But now the 99% can make a compelling, and truthful, counter-argument: If the real resources are available to provide the health care—doctors, nurses, hospital beds, MRI machines, pharmaceuticals, etc.—the sovereign government can, in fact, issue and spend as many fiat Dollars as necessary to pay those doctors and nurses, rent those hospital beds, lease those MRI machines, and purchase those drug treatments, such that every citizen receives the health-care they need. So long as the sovereign spends those fiat Dollars on real medical-care goods and services, this spending will not inflate the value of the currency but, instead, will expand the quantity and quality of health services available to the citizens.

Note the 99% counter-narrative is not asking that the government provide the citizens with health-care; instead, they are simply demanding that the sovereign government issue and spend the fiat Dollars necessary for the citizens to provide themselves with the quality and quantity of care they collectively agree upon. So long as the real medical resources are sustainably available within the nation’s borders, the sovereign government has the exclusive power to enable its citizens to provide themselves the medical services they need. And while the sovereign’s spending will appear as a very large “deficit” on the sovereign’s side of the balance sheet, this “deficit” does not represent future taxes the citizens will have to pay, but rather it represents instead the “assets” that will have been entered on the citizen’s side of the balance sheet—the fiat Dollars deposited in the accounts of all the doctors, nurses, hospital staff, and pharmaceutical lab assistants who provided health care to the citizens.

In a nation that issues and rationally manages its own sovereign fiat currency, then, universal health care is always “affordable” at a level commensurate with the real health-care resources available within the nation’s borders.

College Debt

The average American college student today graduates and begins looking for their first job with a debt of $27,000.  This is not an accident, but is the result of a set of public policies firmly based upon the 1% narrative which, necessarily, goes something like this: There are three reasons why it is impossible to imagine the sovereign government paying for universal education at the college level:

First, it is simply not possible for the government to collect enough tax Dollars to pay for every citizen to attain a college degree—or a comparable certificate of special training—and it would be fiscal insanity for the government to borrow Dollars for that purpose. Second, why should taxpayers pay for someone else to go to college? They have enough burdens as it is, saving Dollars so their own children can attend a collegiate curriculum. Third, while a basic K-12 education may be considered a “right” that should be available to every citizen, college courses are a private-market commodity that citizens should pay for with their own Dollars, just like they pay for everything else. Some might even argue that borrowing Dollars to pay for college courses is a valuable learning experience in itself—teaching the virtues of investment and on-time loan payments.

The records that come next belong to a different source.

(* Fix a class $k$, data points with empirical mean $\hat{\boldsymbol\mu}_k$ and empirical covariance $\mathbf\Sigma_k$ (positive semidefinite), and $\gamma\ge0$ with $\gamma\hat{\boldsymbol\mu}_k\neq\mathbf 0$ or $\mathbf\Sigma_k$ full rank. Put $c=\frac{\gamma^2}{1+\gamma^2}\|\hat{\boldsymbol\mu}_k\|_2^2$ and $\mathbf M_\tau=\sigma_\tau^2\mathbf I+r_\tau^2(\mathbf\Sigma_k+c\mathbf I)$. For $T>0$ let $\mathbf z^c_t$, $t\in[0,T]$, solve $$\frac{d\mathbf z^c_t}{dt}=\mathbf z^c_t-\mathbf M_{T-t}^{-1}\mathbf z^c_t+\frac{r_{T-t}}{1+\gamma^2}\mathbf M_{T-t}^{-1}\hat{\boldsymbol\mu}_k,\qquad \mathbf z^c_0\sim\mathcal N(\mathbf 0,\mathbf I_d).$$ Then $\mathbf z^c_T$ is Gaussian and, as $T\to\infty$, its distribution converges to $$\mathcal N\Big(\frac{\hat{\boldsymbol\mu}_k}{1+\gamma^2},\ \mathbf\Sigma_k+\frac{\gamma^2}{1+\gamma^2}\|\hat{\boldsymbol\mu}_k\|_2^2\mathbf I\Big).$$
   Context: Setup: for a fixed class $k$ the training data of class $k$ are $\mathbf x_1,\dots,\mathbf x_{n_k}\in\mathbb R^d$; the empirical mean is $\hat{\boldsymbol\mu}_k=\frac1{n_k}\sum_{i=1}^{n_k}\mathbf x_i$ and the empirical covariance is $\mathbf\Sigma_k=\frac1{n_k}\sum_{i=1}^{n_k}\mathbf x_i\mathbf x_i^\top-\hat{\boldsymbol\mu}_k\hat{\boldsymbol\mu}_k^\top$. For $t\ge0$ put $r_t=e^{-t}$ and $\sigma_t=\sqrt{1-e^{-2t}}$. $\gamma\ge0$ is the corruption control parameter. The ODE above is the deterministic reverse process $d\mathbf z_t=(\mathbf z_t+\hat s^c(\mathbf z_t,T-t))dt$ in forward time, with the score estimate $\hat s^c(\mathbf z,\tau)=-\mathbf M_\tau^{-1}\mathbf z+\frac{r_\tau}{1+\gamma^2}\mathbf M_\tau^{-1}\hat{\boldsymbol\mu}_k$ obtained from training with corrupted condition embeddings. *)

theory Defs
  imports "HOL-Probability.Probability"
begin

definition outer :: "real^'n \<Rightarrow> real^'n \<Rightarrow> real^'n^'n" where
  "outer x y = (\<chi> i j. x $ i * y $ j)"

definition emp_mean :: "nat \<Rightarrow> (nat \<Rightarrow> real^'n) \<Rightarrow> real^'n" where
  "emp_mean n xs = (1 / real n) *\<^sub>R (\<Sum>i<n. xs i)"

definition emp_cov :: "nat \<Rightarrow> (nat \<Rightarrow> real^'n) \<Rightarrow> real^'n^'n" where
  "emp_cov n xs = (1 / real n) *\<^sub>R (\<Sum>i<n. outer (xs i) (xs i))
                   - outer (emp_mean n xs) (emp_mean n xs)"

definition r_sched :: "real \<Rightarrow> real" where
  "r_sched t = exp (- t)"

definition sigma_sched :: "real \<Rightarrow> real" where
  "sigma_sched t = sqrt (1 - exp (- 2 * t))"

text \<open>Gaussian measure on R^n with mean m and covariance S, defined through its
  characteristic function (this also covers degenerate covariances).\<close>
definition is_gaussian :: "(real^'n) measure \<Rightarrow> real^'n \<Rightarrow> real^'n^'n \<Rightarrow> bool" where
  "is_gaussian N m S \<longleftrightarrow> prob_space N \<and> sets N = sets borel \<and>
     (\<forall>u. (CLINT x|N. cis (u \<bullet> x)) = cis (u \<bullet> m) * complex_of_real (exp (- (u \<bullet> (S *v u)) / 2)))"

definition gaussian :: "(real^'n) measure \<Rightarrow> bool" where
  "gaussian N \<longleftrightarrow> (\<exists>m S. is_gaussian N m S)"

definition weak_conv_at_top :: "(real \<Rightarrow> (real^'n) measure) \<Rightarrow> (real^'n) measure \<Rightarrow> bool" where
  "weak_conv_at_top F G \<longleftrightarrow>
     (\<forall>f :: real^'n \<Rightarrow> real. continuous_on UNIV f \<and> bounded (range f) \<longrightarrow>
        ((\<lambda>T. integral\<^sup>L (F T) f) \<longlongrightarrow> integral\<^sup>L G f) at_top)"

end

theory Submission
  imports Defs "HOL-Real_Asymp.Real_Asymp"
begin
(* Let $\mu$ be a compactly supported finite positive Borel measure on $\mathbb{R}^{2d}=\mathbb{R}^d\times\mathbb{R}^d$ such that the pushforward measure $\mu_{(-)}$ on $\mathbb{R}^d$ is absolutely continuous with respect to Lebesgue measure with density $\frac{d\mu_{(-)}}{dt}\in L^\infty(\mathbb{R}^d)$. Then $T_\mu\colon L^1(\mathbb{R}^d)\times L^1(\mathbb{R}^d)\to L^1(\mathbb{R}^d)$, and consequently $T_\mu\colon L^1(\mathbb{R}^d)\times L^1(\mathbb{R}^d)\to L^s(\mathbb{R}^d)$ for every $s\in[\frac12,1]$. Moreover, if $1\le p<q<\infty$ and the linear operator $T_{\mu_{(-)}}$ is bounded $L^p(\mathbb{R}^d)\to L^q(\mathbb{R}^d)$, then $T_\mu\colon L^{q'}(\mathbb{R}^d)\times L^p(\mathbb{R}^d)\to L^1(\mathbb{R}^d)$, and consequently $T_\mu\colon L^{q'}(\mathbb{R}^d)\times L^p(\mathbb{R}^d)\to L^s(\mathbb{R}^d)$ for every $s\in\left[\frac{pq'}{p+q'},1\right]$, where $q'$ is the conjugate exponent of $q$.
   Context: The pushforward measure is $\mu_{(-)}(A):=\int_{\mathbb{R}^{2d}}1_A(y-z)\,d\mu(y,z)$ for Borel $A\subseteq\mathbb{R}^d$. The bilinear operator associated to $\mu$ is $T_\mu(f,g)(x)=\int_{\mathbb{R}^{2d}} f(x-y)\,g(x-z)\,d\mu(y,z)$, and the linear operator associated to $\mu_{(-)}$ is $T_{\mu_{(-)}}(g)(x)=\int_{\mathbb{R}^d} g(x-t)\,d\mu_{(-)}(t)$. "$T_\mu\colon L^a\times L^b\to L^c$" means there is a constant $C$ with $\|T_\mu(f,g)\|_{L^c}\le C\|f\|_{L^a}\|g\|_{L^b}$ for all $f\in L^a$, $g\in L^b$. *)

theory Defs
  imports "HOL-Analysis.Analysis"
begin

definition memLp :: "real \<Rightarrow> ('a::euclidean_space \<Rightarrow> real) \<Rightarrow> bool" where
  "memLp p f \<longleftrightarrow> f \<in> borel_measurable lborel \<and> integrable lborel (\<lambda>x. \<bar>f x\<bar> powr p)"

definition lp_norm :: "real \<Rightarrow> ('a::euclidean_space \<Rightarrow> real) \<Rightarrow> real" where
  "lp_norm p f = (\<integral>x. \<bar>f x\<bar> powr p \<partial>lborel) powr (1 / p)"

definition T_bil :: "('a::euclidean_space \<times> 'a) measure \<Rightarrow> ('a \<Rightarrow> real) \<Rightarrow> ('a \<Rightarrow> real) \<Rightarrow> 'a \<Rightarrow> real" where
  "T_bil \<mu> f g x = (\<integral>yz. f (x - fst yz) * g (x - snd yz) \<partial>\<mu>)"

definition T_lin :: "'a::euclidean_space measure \<Rightarrow> ('a \<Rightarrow> real) \<Rightarrow> 'a \<Rightarrow> real" where
  "T_lin \<nu> g x = (\<integral>t. g (x - t) \<partial>\<nu>)"

definition push_minus :: "('a::euclidean_space \<times> 'a) measure \<Rightarrow> 'a measure" where
  "push_minus \<mu> = distr \<mu> lborel (\<lambda>yz. fst yz - snd yz)"

definition bil_bounded :: "('a::euclidean_space \<times> 'a) measure \<Rightarrow> real \<Rightarrow> real \<Rightarrow> real \<Rightarrow> bool" where
  "bil_bounded \<mu> a b c \<longleftrightarrow> (\<exists>C. \<forall>f g. memLp a f \<longrightarrow> memLp b g \<longrightarrow>
      (AE x in lborel. integrable \<mu> (\<lambda>yz. f (x - fst yz) * g (x - snd yz))) \<and>
      memLp c (T_bil \<mu> f g) \<and>
      lp_norm c (T_bil \<mu> f g) \<le> C * lp_norm a f * lp_norm b g)"

definition lin_bounded :: "'a::euclidean_space measure \<Rightarrow> real \<Rightarrow> real \<Rightarrow> bool" where
  "lin_bounded \<nu> p q \<longleftrightarrow> (\<exists>C. \<forall>g. memLp p g \<longrightarrow>
      (AE x in lborel. integrable \<nu> (\<lambda>t. g (x - t))) \<and>
      memLp q (T_lin \<nu> g) \<and>
      lp_norm q (T_lin \<nu> g) \<le> C * lp_norm p g)"

end

theory Submission
  imports Defs
begin

(* Fubini and the substitution x = y - w turn the integral of |f(x - y)| |g(x - z)| d\<mu>(y,z) dx
   into the integral over w of |f(-w)| times the integral of |g(t - w)| against \<mu>_(-).  For
   f, g in L^1 the inner integral is at most B |g|_1, B an essential bound of the density; for
   f in L^q' and g in L^p it is T_\<mu>_(-) applied to the reflection of |g|, and Hoelder's inequality
   closes the estimate.  Either way T_\<mu> maps into L^1.

   For s < 1, compact support of \<mu> makes T_\<mu> local: on a ball B(u,R), T_\<mu>(f,g) only depends
   on f and g on B(u,2R).  Jensen's inequality on the ball bounds the integral of |T_\<mu>(f,g)|^s
   over B(u,R) by |B(u,R)|^(1-s) (C \<alpha>(u) \<beta>(u))^s, where \<alpha>(u), \<beta>(u) are the L^a, L^b norms of
   f, g on B(u,2R).  After averaging over u, Young's inequality with weights s/a and 1 - s/a
   bounds the average of (\<alpha> \<beta>)^s by (|f|_a |g|_b)^s; this is where s/a + s/b \<ge> 1 enters,
   through \<beta>(u) \<le> |g|_b. *)

section \<open>L^p norms\<close>

lemma lp_norm_nonneg: "0 \<le> lp_norm p f"
  by (simp add: lp_norm_def)

lemma lp_norm_powr:
  assumes "0 < p"
  shows "lp_norm p f powr p = (\<integral>x. \<bar>f x\<bar> powr p \<partial>lborel)"
  using assms by (simp add: lp_norm_def powr_powr integral_nonneg_AE)

lemma nn_integral_abs_powr_eq:
  assumes "memLp p f" "0 < p"
  shows "(\<integral>\<^sup>+x. ennreal (\<bar>f x\<bar> powr p) \<partial>lborel) = ennreal (lp_norm p f powr p)"
  using assms by (simp add: memLp_def lp_norm_powr nn_integral_eq_integral)

lemma nn_integral_abs_eq_lp_norm_1:
  assumes "memLp 1 f"
  shows "(\<integral>\<^sup>+x. ennreal \<bar>f x\<bar> \<partial>lborel) = ennreal (lp_norm 1 f)"
  using nn_integral_abs_powr_eq[OF assms] by (simp add: lp_norm_nonneg)

lemma memLp_of_nn_integral_le:
  assumes f[measurable]: "f \<in> borel_measurable borel" and p: "0 < p"
    and Y: "0 \<le> Y" and le: "(\<integral>\<^sup>+x. ennreal (\<bar>f x\<bar> powr p) \<partial>lborel) \<le> ennreal Y"
  shows "memLp p f" and "lp_norm p f \<le> Y powr (1 / p)"
proof -
  have int: "integrable lborel (\<lambda>x. \<bar>f x\<bar> powr p)"
    using le by (intro integrableI_bounded) (auto simp: top.not_eq_extremum intro: order_le_less_trans)
  then show "memLp p f"
    by (simp add: memLp_def)
  have "(\<integral>x. \<bar>f x\<bar> powr p \<partial>lborel) \<le> Y"
    using le int Y by (subst (asm) nn_integral_eq_integral) auto
  then show "lp_norm p f \<le> Y powr (1 / p)"
    unfolding lp_norm_def using p by (intro powr_mono2) auto
qed

lemma abs_indicator_mult_powr:
  fixes f :: "'a \<Rightarrow> real"
  shows "0 < p \<Longrightarrow> \<bar>indicator A x * f x\<bar> powr p = indicator A x * \<bar>f x\<bar> powr p"
  by (simp add: indicator_def)

lemma memLp_indicator_mult:
  fixes f :: "'a::euclidean_space \<Rightarrow> real"
  assumes "memLp p f" "0 < p" "A \<in> sets borel"
  shows "memLp p (\<lambda>x. indicator A x * f x)"
proof -
  have [measurable]: "f \<in> borel_measurable borel" "A \<in> sets borel"
    using assms by (simp_all add: memLp_def)
  show ?thesis
    using assms integrable_mult_indicator[of A lborel "\<lambda>x. \<bar>f x\<bar> powr p"]
    by (simp add: memLp_def abs_indicator_mult_powr)
qed

lemma lp_norm_indicator_mult_le:
  fixes f :: "'a::euclidean_space \<Rightarrow> real"
  assumes "memLp p f" "0 < p" "A \<in> sets borel"
  shows "lp_norm p (\<lambda>x. indicator A x * f x) \<le> lp_norm p f"
proof -
  have "(\<integral>x. indicator A x * \<bar>f x\<bar> powr p \<partial>lborel) \<le> (\<integral>x. \<bar>f x\<bar> powr p \<partial>lborel)"
    using assms memLp_indicator_mult[OF assms] unfolding memLp_def abs_indicator_mult_powr[OF assms(2)]
    by (intro integral_mono) (auto simp: indicator_def)
  then show ?thesis
    using assms(2) by (simp add: lp_norm_def abs_indicator_mult_powr powr_mono2 integral_nonneg_AE)
qed

lemma lp_norm_eq_0_imp_AE:
  assumes "memLp p f" "0 < p" "lp_norm p f = 0"
  shows "AE x in lborel. f x = 0"
proof -
  have [measurable]: "f \<in> borel_measurable borel"
    using assms(1) by (simp add: memLp_def)
  have "(\<integral>\<^sup>+x. ennreal (\<bar>f x\<bar> powr p) \<partial>lborel) = 0"
    using nn_integral_abs_powr_eq[OF assms(1,2)] assms(2,3) by simp
  then have "AE x in lborel. ennreal (\<bar>f x\<bar> powr p) = 0"
    by (subst (asm) nn_integral_0_iff_AE) auto
  then show ?thesis
    by eventually_elim simp
qed

lemma nn_integral_lborel_translate:
  fixes f :: "'a::euclidean_space \<Rightarrow> ennreal"
  assumes [measurable]: "f \<in> borel_measurable borel"
  shows "(\<integral>\<^sup>+x. f (x + c) \<partial>lborel) = (\<integral>\<^sup>+x. f x \<partial>lborel)"
proof -
  have "(\<integral>\<^sup>+x. f x \<partial>lborel) = (\<integral>\<^sup>+x. f x \<partial>distr lborel borel ((+) c))"
    by (simp add: lborel_distr_plus)
  also have "\<dots> = (\<integral>\<^sup>+x. f (x + c) \<partial>lborel)"
    by (subst nn_integral_distr) (auto simp: add.commute)
  finally show ?thesis ..
qed

lemma nn_integral_lborel_reflect:
  fixes f :: "'a::euclidean_space \<Rightarrow> ennreal"
  assumes [measurable]: "f \<in> borel_measurable borel"
  shows "(\<integral>\<^sup>+x. f (c - x) \<partial>lborel) = (\<integral>\<^sup>+x. f x \<partial>lborel)"
proof -
  have "(\<integral>\<^sup>+x. f x \<partial>lborel)
      = (\<integral>\<^sup>+x. f x \<partial>density (distr lborel borel (\<lambda>x. c + (-1::real) *\<^sub>R x)) (\<lambda>_. \<bar>-1::real\<bar> ^ DIM('a)))"
    by (subst lborel_affine[of "-1" c, symmetric]) auto
  also have "\<dots> = (\<integral>\<^sup>+x. f (c - x) \<partial>lborel)"
    by (simp add: nn_integral_density nn_integral_distr)
  finally show ?thesis ..
qed

lemma
  fixes f :: "'a::euclidean_space \<Rightarrow> real"
  assumes "memLp p f"
  shows memLp_reflect: "memLp p (\<lambda>x. f (- x))"
    and lp_norm_reflect: "lp_norm p (\<lambda>x. f (- x)) = lp_norm p f"
proof -
  have [measurable]: "f \<in> borel_measurable borel" and int: "integrable lborel (\<lambda>x. \<bar>f x\<bar> powr p)"
    using assms by (auto simp: memLp_def)
  have "(\<integral>\<^sup>+x. ennreal (\<bar>f (- x)\<bar> powr p) \<partial>lborel) = (\<integral>\<^sup>+x. ennreal (\<bar>f x\<bar> powr p) \<partial>lborel)"
    using nn_integral_lborel_reflect[of "\<lambda>x. ennreal (\<bar>f x\<bar> powr p)" 0] by simp
  also have "\<dots> = ennreal (\<integral>x. \<bar>f x\<bar> powr p \<partial>lborel)"
    using int by (simp add: nn_integral_eq_integral)
  finally have "integrable lborel (\<lambda>x. \<bar>f (- x)\<bar> powr p) \<and>
      (\<integral>x. \<bar>f (- x)\<bar> powr p \<partial>lborel) = (\<integral>x. \<bar>f x\<bar> powr p \<partial>lborel)"
    by (subst (asm) nn_integral_eq_integrable) (auto simp: integral_nonneg_AE)
  then show "memLp p (\<lambda>x. f (- x))" "lp_norm p (\<lambda>x. f (- x)) = lp_norm p f"
    by (simp_all add: memLp_def lp_norm_def)
qed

But the 99% can now offer the following compelling and truthful counter-argument: If the real resources are available to provide every citizen with a college-level education—teachers, classrooms, computers, laboratories, studio-shops, etc.—the sovereign government can issue and spend the fiat Dollars necessary to enable the citizens to educate themselves. It is not necessary to collect tax Dollars in order to do this; nor is it necessary to borrow Dollars.

If the real educational resources are available, why would we choose not to marshal them? What is the collective benefit to us, as a society, when our early-age workforce is either (a) under-trained, or (b) so deeply in debt they cannot easily meet basic living expenses with their starting salaries? Would it not be a great collective benefit to our private economy if our early-age workforce was not only well-trained, but starting out their careers debt-free? How much sooner will a young family be formed, a house and car purchased, if there isn’t a $27,000 college debt to work off? Aren’t there other ways to learn the virtues of investment and on-time debt payments? And if the purpose of education is to prepare for a life’s work, why should we declare that only the first part of that preparation is a “right”?

As long as the sovereign fiat Dollars issued and spent are used to pay for real educational goods and services that did not previously exist, they will not put inflationary pressure on the currency. And while the “deficit” on the sovereign’s side of the balance sheet will be considerable, it does not represent future taxes the citizens will have to pay, but instead represents the “assets” that will have appeared on the citizen’s side of the balance sheet—the wages and salaries paid to teachers, research assistants and educational administrators and staff who provided the educational services.

Every nation that issues and rationally manages its own sovereign fiat currency, then, can afford to pay for universal college-level education for its citizens, commensurate with the real teaching resources that are available in exchange for the fiat currency it issues and spends.

Civil Infrastructure

In April, 2013, the American Society of Civil Engineers issued a comprehensive report laying out the work and repairs that will be required over the next seven years to keep America’s existing civil infrastructure safe and operational. The projected cost: $1.6 trillion. In the same month, the U.S. Congress—caving to the pressure and demands of the 1%—allowed the “sequestration” of sovereign spending to become de facto law: a blind $1.1 trillion reduction in sovereign spending intended to reduce the “out-of-control deficit” of “big government.”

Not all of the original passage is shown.